Wednesday, September 18, 2013

Firearms: Starbucks's Reasonable Request

They are asking people not to carry openly in their stores anymore. In fact, they are asking people not to bring in firearms at all, so that entails that they don't want people carrying concealed firearms either. 

I respect this request in part because it seems so un-American. By which I mean: they're not trying to get a law in place, they're not making some kind of putatively enforceable rule...they're just saying "hey, we'd rather you not." 

I'm not a CCW enthusiast...  I've had my own application sitting around un-submitted for some time. I don't like carrying, and carrying brings with it more disadvantages than advantages IMO--at least in the fairly peaceful area where I live. I'll probably get a permit someday, just to have it...but I'm hardly passionate about the whole thing. At any rate: I think people should respect Starbucks' request, and I plan to do so. 

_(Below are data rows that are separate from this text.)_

lemma level_sets: "level n s \<in> sets \<nu>"
proof -
  have "{x \<in> space (XZ \<Otimes>\<^sub>M XN). fst x \<in> good \<and> f n (fst x) = rho n ^ ((\<lambda>k. s + k) (rr n (snd x)))}
      \<in> sets (XZ \<Otimes>\<^sub>M XN)"
    by measurable
  moreover have "level n s = {x. fst x \<in> good \<and> f n (fst x) = rho n ^ (s + rr n (snd x))}"
    by (auto simp: level_def)
  ultimately show ?thesis
    by (simp add: sets_MM[OF nu_MM] space_pair_measure)
qed

lemma vimage_shift_odo_level: "shift_odo -` level n s \<inter> space \<nu> = level n s"
proof -
  have "(shiftZ w, odo a) \<in> level n s \<longleftrightarrow> (w, a) \<in> level n s" for w a
  proof (cases "w \<in> good")
    case True
    have "(s + rr n (odo a)) mod 2 ^ n = Suc (s + rr n a) mod 2 ^ n"
      unfolding rr_odo by (simp add: mod_add_right_eq)
    then have "rho n ^ (s + rr n (odo a)) = rho n ^ Suc (s + rr n a)"
      by (simp only: rho_power_eq_iff)
    moreover have "f n (shiftZ w) = rho n * f n w"
      using eigen_point_if_good[OF True] unfolding eigen_point_def by blast
    ultimately have "f n (shiftZ w) = rho n ^ (s + rr n (odo a)) \<longleftrightarrow> rho n * f n w = rho n * rho n ^ (s + rr n a)"
      by simp
    also have "\<dots> \<longleftrightarrow> f n w = rho n ^ (s + rr n a)"
      by (simp add: rho_def)
    finally show ?thesis
      using True by (simp add: level_def shiftZ_in_good_iff)
  qed (simp add: level_def shiftZ_in_good_iff)
  then show ?thesis
    by (auto simp: space_MM[OF nu_MM])
qed

lemma level_zero_one: "emeasure \<nu> (level n s) = 0 \<or> emeasure \<nu> (level n s) = 1"
  using ergodic_nu level_sets vimage_shift_odo_level by (simp add: ergodic_meas_def)

lemma level_disjoint: "disjoint_family_on (level n) {..<2 ^ n}"
  unfolding disjoint_family_on_def
proof (intro ballI impI)
  fix s t :: nat assume "s \<in> {..<2 ^ n}" "t \<in> {..<2 ^ n}" "s \<noteq> t"
  then have "rho n ^ s \<noteq> rho n ^ t"
    by (simp add: rho_power_eq_iff)
  then have "rho n ^ (s + k) \<noteq> rho n ^ (t + k)" for k
    by (simp add: power_add rho_def)
  then show "level n s \<inter> level n t = {}"
    by (auto simp: level_def) (metis)
qed

lemma UN_level: "(\<Union>s<2 ^ n. level n s) = good \<times> UNIV"
proof (intro equalityI subsetI)
  fix x :: "(int \<Rightarrow> bool) \<times> (nat \<Rightarrow> bool)" assume "x \<in> good \<times> UNIV"
  then obtain w a where x: "x = (w, a)" and w: "w \<in> good" by auto
  obtain k where k: "f n w = rho n ^ k"
    using square_root_chain_in_rho_powers[of "\<lambda>n. f n w"] eigen_point_if_good[OF w]
    unfolding eigen_point_def by blast
  define s where "s = (k + (2 ^ n - rr n a)) mod 2 ^ n"
  have "(s + rr n a) mod 2 ^ n = (k + (2 ^ n - rr n a) + rr n a) mod 2 ^ n"
    by (simp add: s_def mod_add_left_eq)
  also have "\<dots> = k mod 2 ^ n"
    using rr_less[of n a] by simp
  finally have "x \<in> level n s"
    using w k by (simp add: x level_def rho_power_eq_iff)
  then show "x \<in> (\<Union>s<2 ^ n. level n s)"
    by (auto simp: s_def)
qed (auto simp: level_def)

Yeah, it wouldn't surprise me if this request had its origins in agitation by some whiny soccer moms/dads...but it's best not to dwell on such things. It's a reasonable request, even if it will please a lot of unreasonable people.

Anyway, that's my initial reaction.

4 Comments:

Blogger Dark Avenger said...

Winston, I don't think it's unreasonable to ask that a place that has mainly young adults and families with kids as their consumer base, as in my community, be gun-free.

"Unreasonable?"

Surely you're capable of articulating a more nuanced view on the subject.

http://epc.buffalo.edu/authors/perloff/witt_intro.html

In the autumn of 1939, Ludwig Wittgenstein and his young Cambridge student and friend Norman Malcolm were walking along the river when they saw a newspaper vendor's sign announcing that the Germans had accused the British government of instigating a recent attempt to assassinate Hitler. When Wittgenstein remarked that it wouldn't surprise him at all if it were true, Malcolm retorted that it was impossible because "the British were too civilized and decent to attempt anything so underhand, and . . . such an act was incompatible with the British 'national character'." Wittgenstein was furious. Some five years later, he wrote to Malcolm:

Whenever I thought of you I couldn't help thinking of a particular incident which seemed to me very important. . . . you made a remark about 'national character' that shocked me by its primitiveness. I then thought: what is the use of studying philosophy if all that it does for you is to enable you to talk with some plausibility about some abstruse questions of logic, etc., & if it does not improve your thinking about the important questions of everyday life, if it does not make you more conscientious than any . . . journalist in the use of the DANGEROUS phrases such people use for their own ends. (2)

1:34 PM  
Blogger Winston Smith said...

Not sure I understand your point, DA...

7:37 PM  
Blogger Dark Avenger said...

That to characterize anyone who doesn't want to go to a Starbucks where people who aren't LEOs packing heat as 'unreasonable' in itself is an unreasonable use of that word.

10:54 PM  
Blogger Winston Smith said...

Ah, got it.

Well, but that's the point. I don't think it's an unreasonable request. I just think that a lot of anti-firearm folks are idiots about this issue. Which is not to say that I think they all are, nor that it's unreasonable to want fewer guns around... I myself want fewer guns around. I just tend to disagree with many more anti-gun folks about what an optimal distribution of them would be.

But we can probably agree: the current distribution of firearms among people walking around on the street is f*cking insane.